Rose Wang, Pawan Wirawarn, Omar Khattab, Noah Goodman, Dorottya Demszky


Abstract
Many online content portals allow users to ask questions to supplement their understanding (e.g., of lectures). While information retrieval (IR) systems may provide answers for such user queries, they do not directly assist content creators—such as lecturers who want to improve their content—identify segments that caused a user to ask those questions.We introduce the task of backtracing, in which systems retrieve the text segment that most likely caused a user query.We formalize three real-world domains for which backtracing is important in improving content delivery and communication: understanding the cause of (a) student confusion in the Lecture domain, (b) reader curiosity in the News Article domain, and (c) user emotion in the Conversation domain.We evaluate the zero-shot performance of popular information retrieval methods and language modeling methods, including bi-encoder, re-ranking and likelihood-based methods and ChatGPT.While traditional IR systems retrieve semantically relevant information (e.g., details on “projection matrices” for a query “does projecting multiple times still lead to the same point?”), they often miss the causally relevant context (e.g., the lecturer states “projecting twice gets me the same answer as one projection”).
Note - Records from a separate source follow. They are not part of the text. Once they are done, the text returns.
(* There is $R_1\in(0,\frac12\sqrt{\frac{3}{8\pi}})$ such that for all $0<R<R_1$ and all $(m_1,\rho_1),(m_2,\rho_2)\in\mathcal{C}^0_R$, $$\|T[m_1,\rho_1]-T[m_2,\rho_2]\|\le\frac34\,\|(m_1-m_2,\rho_1-\rho_2)\|.$$
   Context: Let $\rho_*(R)=\frac{16\pi}{3}R^2$ and $\mathcal{C}^0_R=\{(m,\rho):[0,R]\to\mathbb{R}^2 \text{ continuous}:\ 0\le m(r)\le \frac{4\pi}{3}\rho_*(R)r^3,\ 0\le\rho(r)\le\rho_*(R)\}$, with norm $\|(m,\rho)\|=\frac{3}{4\pi}\|m/r^3\|_{L^\infty}+2\|\rho\|_{L^\infty}$. Define $T[m,\rho]=(M[\rho],P[m,\rho])$ with $M[\rho](r)=\int_0^r 4\pi s^2\rho(s)\,ds$ and $P[m,\rho](r)=\int_r^R \frac{1+2\rho(s)}{1-\frac{8\pi}{3}s^2-\frac{2m(s)}{s}}\,\frac{4\pi s}{3}\Big[1+3\rho(s)+\frac{3m(s)}{4\pi s^3}\Big]ds$. *)

theory Defs
  imports "HOL-Analysis.Analysis"
begin

definition rho_star :: "real \<Rightarrow> real" where
  "rho_star R = 16 * pi / 3 * R^2"

definition C0 :: "real \<Rightarrow> ((real \<Rightarrow> real) \<times> (real \<Rightarrow> real)) set" where
  "C0 R = {(m, \<rho>). continuous_on {0..R} m \<and> continuous_on {0..R} \<rho> \<and>
     (\<forall>r\<in>{0..R}. 0 \<le> m r \<and> m r \<le> 4 * pi / 3 * rho_star R * r^3 \<and>
                 0 \<le> \<rho> r \<and> \<rho> r \<le> rho_star R)}"

definition supnorm :: "(real \<Rightarrow> real) \<Rightarrow> real set \<Rightarrow> real" where
  "supnorm f S = (SUP r\<in>S. \<bar>f r\<bar>)"

definition pnorm :: "real \<Rightarrow> (real \<Rightarrow> real) \<times> (real \<Rightarrow> real) \<Rightarrow> real" where
  "pnorm R p = 3 / (4 * pi) * supnorm (\<lambda>r. fst p r / r^3) {0<..R} + 2 * supnorm (snd p) {0..R}"

definition Mop :: "(real \<Rightarrow> real) \<Rightarrow> real \<Rightarrow> real" where
  "Mop \<rho> r = integral {0..r} (\<lambda>s. 4 * pi * s^2 * \<rho> s)"

definition Pop :: "real \<Rightarrow> (real \<Rightarrow> real) \<Rightarrow> (real \<Rightarrow> real) \<Rightarrow> real \<Rightarrow> real" where
  "Pop R m \<rho> r = integral {r..R} (\<lambda>s.
      (1 + 2 * \<rho> s) / (1 - 8 * pi / 3 * s^2 - 2 * m s / s) *
      (4 * pi * s / 3) * (1 + 3 * \<rho> s + 3 * m s / (4 * pi * s^3)))"

definition Top :: "real \<Rightarrow> (real \<Rightarrow> real) \<times> (real \<Rightarrow> real) \<Rightarrow> (real \<Rightarrow> real) \<times> (real \<Rightarrow> real)" where
  "Top R p = (Mop (snd p), Pop R (fst p) (snd p))"

end

theory Submission
  imports Defs
begin

text \<open>Both components of T are integrals, so it suffices to compare integrands pointwise.
  For M this gives at once |M[\<rho>1] - M[\<rho>2]|(r) \<le> 4\<pi>/3 r^3 \<parallel>\<rho>1 - \<rho>2\<parallel>, so the M-part of the
  norm of the difference is at most half of the \<rho>-part of the norm of the data.
  For P, writing the integrand in terms of the mean density y = m/s^3 exhibits it as 4\<pi>s/3 times
  a function of (s, \<rho>, y) whose denominator stays above 1/2 for small s; it is therefore
  Lipschitz in (\<rho>, y) with constant O(s), and integrating over [r, R] bounds the P-part by
  O(R^2) times the norm of the data. For R \<le> 1/100 this fits into the remaining room below 3/4.\<close>

lemma abs_mult3_diff_le:
  fixes c u1 u2 v1 v2 w1 w2 :: real
  assumes "0 \<le> u1" "u1 \<le> c" "0 \<le> u2" "u2 \<le> c" "0 \<le> v1" "v1 \<le> c" "0 \<le> v2" "v2 \<le> c"
    "0 \<le> w1" "w1 \<le> c" "0 \<le> w2" "w2 \<le> c"
  shows "\<bar>u1 * v1 * w1 - u2 * v2 * w2\<bar> \<le> c\<^sup>2 * (\<bar>u1 - u2\<bar> + \<bar>v1 - v2\<bar> + \<bar>w1 - w2\<bar>)"
proof -
  have "\<bar>u1 * v1 * w1 - u2 * v2 * w2\<bar>
      = \<bar>(u1 - u2) * (v1 * w1) + (v1 - v2) * (u2 * w1) + (w1 - w2) * (u2 * v2)\<bar>"
    by (simp add: algebra_simps)
  also have "\<dots> \<le> \<bar>(u1 - u2) * (v1 * w1)\<bar> + \<bar>(v1 - v2) * (u2 * w1)\<bar> + \<bar>(w1 - w2) * (u2 * v2)\<bar>"
    by (meson abs_triangle_ineq add_mono order_trans order_refl)
  also have "\<dots> \<le> \<bar>u1 - u2\<bar> * c\<^sup>2 + \<bar>v1 - v2\<bar> * c\<^sup>2 + \<bar>w1 - w2\<bar> * c\<^sup>2"
    using assms by (intro add_mono) (auto simp: abs_mult power2_eq_square intro!: mult_left_mono mult_mono)
  finally show ?thesis by (simp add: algebra_simps)
qed

lemma four_pi_third_le: "0 \<le> s \<Longrightarrow> 4 * pi * s / 3 \<le> 6 * (s::real)"
  using mult_right_mono[of pi 4 s] pi_less_4 by simp

lemma supnorm_le:
  assumes "S \<noteq> {}" "\<And>x. x \<in> S \<Longrightarrow> \<bar>f x\<bar> \<le> c"
  shows "supnorm f S \<le> c"
  unfolding supnorm_def using assms by (rule cSUP_least)

lemma abs_le_supnorm:
  assumes "x \<in> S" "\<And>x. x \<in> S \<Longrightarrow> \<bar>f x\<bar> \<le> c"
  shows "\<bar>f x\<bar> \<le> supnorm f S"
  unfolding supnorm_def using assms by (intro cSUP_upper bdd_aboveI2) auto

lemma abs_integral_diff_le:
  fixes f g h :: "'a::euclidean_space \<Rightarrow> real"
  assumes "f integrable_on S" "g integrable_on S" "h integrable_on S"
    and "\<And>x. x \<in> S \<Longrightarrow> \<bar>f x - g x\<bar> \<le> h x"
  shows "\<bar>integral S f - integral S g\<bar> \<le> integral S h"
  using integral_norm_bound_integral[of "\<lambda>x. f x - g x" S h] assms
  by (simp add: integral_diff integrable_diff)

lemma has_integral_cmult_square:
  fixes c r :: real
  assumes "0 \<le> r"
  shows "((\<lambda>s. c * s^2) has_integral c * r^3 / 3) {0..r}"
proof -
  have "((\<lambda>s. c * s^2) has_integral c * r^3 / 3 - c * 0^3 / 3) {0..r}"
  proof (rule fundamental_theorem_of_calculus)
    fix x :: real
    have "((\<lambda>s. c * s^3 / 3) has_real_derivative c * x^2) (at x within {0..r})"
      by (auto intro!: derivative_eq_intros simp: power2_eq_square)
    then show "((\<lambda>s. c * s^3 / 3) has_vector_derivative c * x^2) (at x within {0..r})"
      by (simp add: has_real_derivative_iff_has_vector_derivative)
  qed (use assms in simp)
  then show ?thesis by simp
qed

definition P_integrand :: "real \<Rightarrow> real \<Rightarrow> real \<Rightarrow> real" where
  "P_integrand s x m = (1 + 2 * x) / (1 - 8 * pi / 3 * s^2 - 2 * m / s) *
     (4 * pi * s / 3) * (1 + 3 * x + 3 * m / (4 * pi * s^3))"

definition P_factor :: "real \<Rightarrow> real \<Rightarrow> real \<Rightarrow> real" where
  "P_factor s x y = (1 + 2 * x) * (1 / (1 - 8 * pi / 3 * s^2 - 2 * y * s^2)) * (1 + 3 * x + 3 / (4 * pi) * y)"

lemma P_integrand_eq_P_factor:
  assumes "0 < s"
  shows "P_integrand s x m = 4 * pi * s / 3 * P_factor s x (m / s^3)"
proof -
  have "2 * m / s = 2 * (m / s^3) * s^2" "3 * m / (4 * pi * s^3) = 3 / (4 * pi) * (m / s^3)"
    using assms by (simp_all add: field_simps power2_eq_square power3_eq_cube)
  then show ?thesis
    unfolding P_integrand_def P_factor_def by simp
qed

lemma P_integrand_at_0 [simp]: "P_integrand 0 x m = 0"
  by (simp add: P_integrand_def)

lemma P_denominator_bounds:
  fixes s y :: real
  assumes "\<bar>s\<bar> \<le> 1/10" "0 \<le> y" "y \<le> 1/10"
  shows "1/2 \<le> 1 - 8 * pi / 3 * s^2 - 2 * y * s^2" "1 - 8 * pi / 3 * s^2 - 2 * y * s^2 \<le> 1"
proof -
  have s2: "s^2 \<le> 1/100"
    using power_mono[OF assms(1), of 2] by (simp add: power2_eq_square)
  have "8 * pi / 3 * s^2 \<le> 8 * 4 / 3 * (1/100)"
    using pi_less_4 s2 by (intro mult_mono) auto
  moreover have "2 * y * s^2 \<le> 2 * (1/10) * (1/100)"
    using assms s2 by (intro mult_mono) auto
  moreover have "0 \<le> 8 * pi / 3 * s^2" "0 \<le> 2 * y * s^2"
    using assms by simp_all
  ultimately show "1/2 \<le> 1 - 8 * pi / 3 * s^2 - 2 * y * s^2" "1 - 8 * pi / 3 * s^2 - 2 * y * s^2 \<le> 1"
    by linarith+
qed

lemma P_factor_bounds:
  assumes "\<bar>s\<bar> \<le> 1/10" "0 \<le> x" "x \<le> 1/10" "0 \<le> y" "y \<le> 1/10"
  shows "0 \<le> 1 + 2 * x" "1 + 2 * x \<le> 2"
    "0 \<le> 1 / (1 - 8 * pi / 3 * s^2 - 2 * y * s^2)" "1 / (1 - 8 * pi / 3 * s^2 - 2 * y * s^2) \<le> 2"
    "0 \<le> 1 + 3 * x + 3 / (4 * pi) * y" "1 + 3 * x + 3 / (4 * pi) * y \<le> 2"
proof -
  have "3 / (4 * pi) * y \<le> y"
    using pi_gt3 assms by (intro mult_left_le_one_le) (auto simp: field_simps)
  then show "0 \<le> 1 + 2 * x" "1 + 2 * x \<le> 2"
    "0 \<le> 1 + 3 * x + 3 / (4 * pi) * y" "1 + 3 * x + 3 / (4 * pi) * y \<le> 2"
    using assms by auto
  show "0 \<le> 1 / (1 - 8 * pi / 3 * s^2 - 2 * y * s^2)" "1 / (1 - 8 * pi / 3 * s^2 - 2 * y * s^2) \<le> 2"
    using P_denominator_bounds[OF assms(1,4,5)] by (auto simp: field_simps)
qed

lemma abs_P_factor_le:
  assumes "\<bar>s\<bar> \<le> 1/10" "0 \<le> x" "x \<le> 1/10" "0 \<le> y" "y \<le> 1/10"
  shows "\<bar>P_factor s x y\<bar> \<le> 8"
proof -
  note b = P_factor_bounds[OF assms]
  have "(1 + 2 * x) * (1 / (1 - 8 * pi / 3 * s^2 - 2 * y * s^2)) \<le> 2 * 2"
    using b by (intro mult_mono) auto
  then have "P_factor s x y \<le> (2 * 2) * 2"
    unfolding P_factor_def using b by (intro mult_mono) auto
  moreover have "0 \<le> P_factor s x y"
    unfolding P_factor_def using b by simp
  ultimately show ?thesis by simp
qed

lemma inverse_denominator_lipschitz:
  assumes s: "\<bar>s\<bar> \<le> 1/10" and y: "0 \<le> y1" "y1 \<le> 1/10" "0 \<le> y2" "y2 \<le> 1/10"
  shows "\<bar>1 / (1 - 8 * pi / 3 * s^2 - 2 * y1 * s^2) - 1 / (1 - 8 * pi / 3 * s^2 - 2 * y2 * s^2)\<bar>
    \<le> \<bar>y1 - y2\<bar>"
proof -
  define D1 where "D1 = 1 - 8 * pi / 3 * s^2 - 2 * y1 * s^2"
  define D2 where "D2 = 1 - 8 * pi / 3 * s^2 - 2 * y2 * s^2"
  have D: "1/2 \<le> D1" "1/2 \<le> D2"
    using P_denominator_bounds(1)[OF s y(1,2)] P_denominator_bounds(1)[OF s y(3,4)]
    unfolding D1_def D2_def by auto
  have s2: "8 * s^2 \<le> 1"
    using power_mono[OF s, of 2] by (simp add: power2_eq_square)
  have "1 / D1 - 1 / D2 = (D2 - D1) / (D1 * D2)"
    using D by (simp add: field_simps)
  also have "D2 - D1 = 2 * s^2 * (y1 - y2)"
    by (simp add: D1_def D2_def algebra_simps)
  finally have "\<bar>1 / D1 - 1 / D2\<bar> = 2 * s^2 * \<bar>y1 - y2\<bar> / (D1 * D2)"
    using D by (simp add: abs_mult abs_divide)
  also have "\<dots> \<le> 2 * s^2 * \<bar>y1 - y2\<bar> / (1/4)"
    using D mult_mono[OF D] by (intro divide_left_mono) auto
  also have "\<dots> \<le> \<bar>y1 - y2\<bar>"
    using s2 mult_right_mono[OF s2 abs_ge_zero[of "y1 - y2"]] by simp
  finally show ?thesis
    unfolding D1_def D2_def .
qed

lemma P_factor_lipschitz:
  assumes s: "\<bar>s\<bar> \<le> 1/10"
    and x: "0 \<le> x1" "x1 \<le> 1/10" "0 \<le> x2" "x2 \<le> 1/10"
    and y: "0 \<le> y1" "y1 \<le> 1/10" "0 \<le> y2" "y2 \<le> 1/10"
  shows "\<bar>P_factor s x1 y1 - P_factor s x2 y2\<bar> \<le> 20 * (\<bar>x1 - x2\<bar> + \<bar>y1 - y2\<bar>)"
proof -
  define D1 where "D1 = 1 - 8 * pi / 3 * s^2 - 2 * y1 * s^2"
  define D2 where "D2 = 1 - 8 * pi / 3 * s^2 - 2 * y2 * s^2"
  have inv: "\<bar>1 / D1 - 1 / D2\<bar> \<le> \<bar>y1 - y2\<bar>"
    unfolding D1_def D2_def by (rule inverse_denominator_lipschitz[OF s y])
  have "\<bar>3 / (4 * pi) * y1 - 3 / (4 * pi) * y2\<bar> = 3 / (4 * pi) * \<bar>y1 - y2\<bar>"
    unfolding right_diff_distrib[symmetric] abs_mult by simp
  also have "\<dots> \<le> \<bar>y1 - y2\<bar>"
    using pi_gt3 by (intro mult_left_le_one_le) auto
  finally have lin: "\<bar>(1 + 3 * x1 + 3 / (4 * pi) * y1) - (1 + 3 * x2 + 3 / (4 * pi) * y2)\<bar>
      \<le> 3 * \<bar>x1 - x2\<bar> + \<bar>y1 - y2\<bar>"
    by (simp add: abs_le_iff abs_if split: if_splits)
  have "\<bar>P_factor s x1 y1 - P_factor s x2 y2\<bar>
      \<le> 2\<^sup>2 * (\<bar>(1 + 2 * x1) - (1 + 2 * x2)\<bar> + \<bar>1 / D1 - 1 / D2\<bar>
          + \<bar>(1 + 3 * x1 + 3 / (4 * pi) * y1) - (1 + 3 * x2 + 3 / (4 * pi) * y2)\<bar>)"
    unfolding P_factor_def D1_def D2_def
    using P_factor_bounds[OF s x(1,2) y(1,2)] P_factor_bounds[OF s x(3,4) y(3,4)]
    by (intro abs_mult3_diff_le) auto
  also have "\<bar>(1 + 2 * x1) - (1 + 2 * x2)\<bar> = 2 * \<bar>x1 - x2\<bar>"
    using abs_mult[of 2 "x1 - x2"] by (simp add: right_diff_distrib)
  also have "2\<^sup>2 * (2 * \<bar>x1 - x2\<bar> + \<bar>1 / D1 - 1 / D2\<bar>
          + \<bar>(1 + 3 * x1 + 3 / (4 * pi) * y1) - (1 + 3 * x2 + 3 / (4 * pi) * y2)\<bar>)
      \<le> 2\<^sup>2 * (2 * \<bar>x1 - x2\<bar> + \<bar>y1 - y2\<bar> + (3 * \<bar>x1 - x2\<bar> + \<bar>y1 - y2\<bar>))"
    using inv lin by (intro mult_left_mono add_mono) auto
  also have "\<dots> \<le> 20 * (\<bar>x1 - x2\<bar> + \<bar>y1 - y2\<bar>)"
    by (simp add: algebra_simps)
  finally show ?thesis .
qed

lemma P_integrand_lipschitz:
  assumes s: "0 < s" "s \<le> 1/10"
    and x: "0 \<le> x1" "x1 \<le> 1/10" "0 \<le> x2" "x2 \<le> 1/10"
    and m: "0 \<le> m1" "m1 \<le> s^3/10" "0 \<le> m2" "m2 \<le> s^3/10"
  shows "\<bar>P_integrand s x1 m1 - P_integrand s x2 m2\<bar> \<le> 120 * s * (\<bar>x1 - x2\<bar> + \<bar>m1 / s^3 - m2 / s^3\<bar>)"
proof -
  have y: "0 \<le> m1 / s^3" "m1 / s^3 \<le> 1/10" "0 \<le> m2 / s^3" "m2 / s^3 \<le> 1/10"
    using s m by (auto simp: field_simps)
  have "P_integrand s x1 m1 - P_integrand s x2 m2
      = 4 * pi * s / 3 * (P_factor s x1 (m1 / s^3) - P_factor s x2 (m2 / s^3))"
    using s by (simp add: P_integrand_eq_P_factor right_diff_distrib)
  then have "\<bar>P_integrand s x1 m1 - P_integrand s x2 m2\<bar>
      = 4 * pi * s / 3 * \<bar>P_factor s x1 (m1 / s^3) - P_factor s x2 (m2 / s^3)\<bar>"
    using s by (subst \<open>?this\<close>) (simp add: abs_mult)
  also have "\<dots> \<le> (6 * s) * (20 * (\<bar>x1 - x2\<bar> + \<bar>m1 / s^3 - m2 / s^3\<bar>))"
    using s four_pi_third_le[of s] P_factor_lipschitz[of s, OF _ x y] by (intro mult_mono) auto
  finally show ?thesis by (simp add: algebra_simps)
qed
Our results show that there is room for improvement on backtracing and it requires new retrieval approaches.We hope our benchmark serves to improve future retrieval systems for backtracing, spawning systems that refine content generation and identify linguistic triggers influencing user queries.
Anthology ID:
2024.findings-eacl.48
Volume:
Findings of the Association for Computational Linguistics: EACL 2024
Month:
March
Year:
2024
Address:
St. Julian’s, Malta
Editors:
Yvette Graham, Matthew Purver
Venue:
Findings
SIG:
Publisher:
Association for Computational Linguistics
Note:
Pages:
722–735
Language:
URL:
https://aclanthology.org/2024.findings-eacl.48
DOI:
Bibkey:
Cite (ACL):
Rose Wang, Pawan Wirawarn, Omar Khattab, Noah Goodman, and Dorottya Demszky. 2024. Backtracing: Retrieving the Cause of the Query. In Findings of the Association for Computational Linguistics: EACL 2024, pages 722–735, St. Julian’s, Malta. Association for Computational Linguistics.
Cite (Informal):
Backtracing: Retrieving the Cause of the Query (Wang et al., Findings 2024)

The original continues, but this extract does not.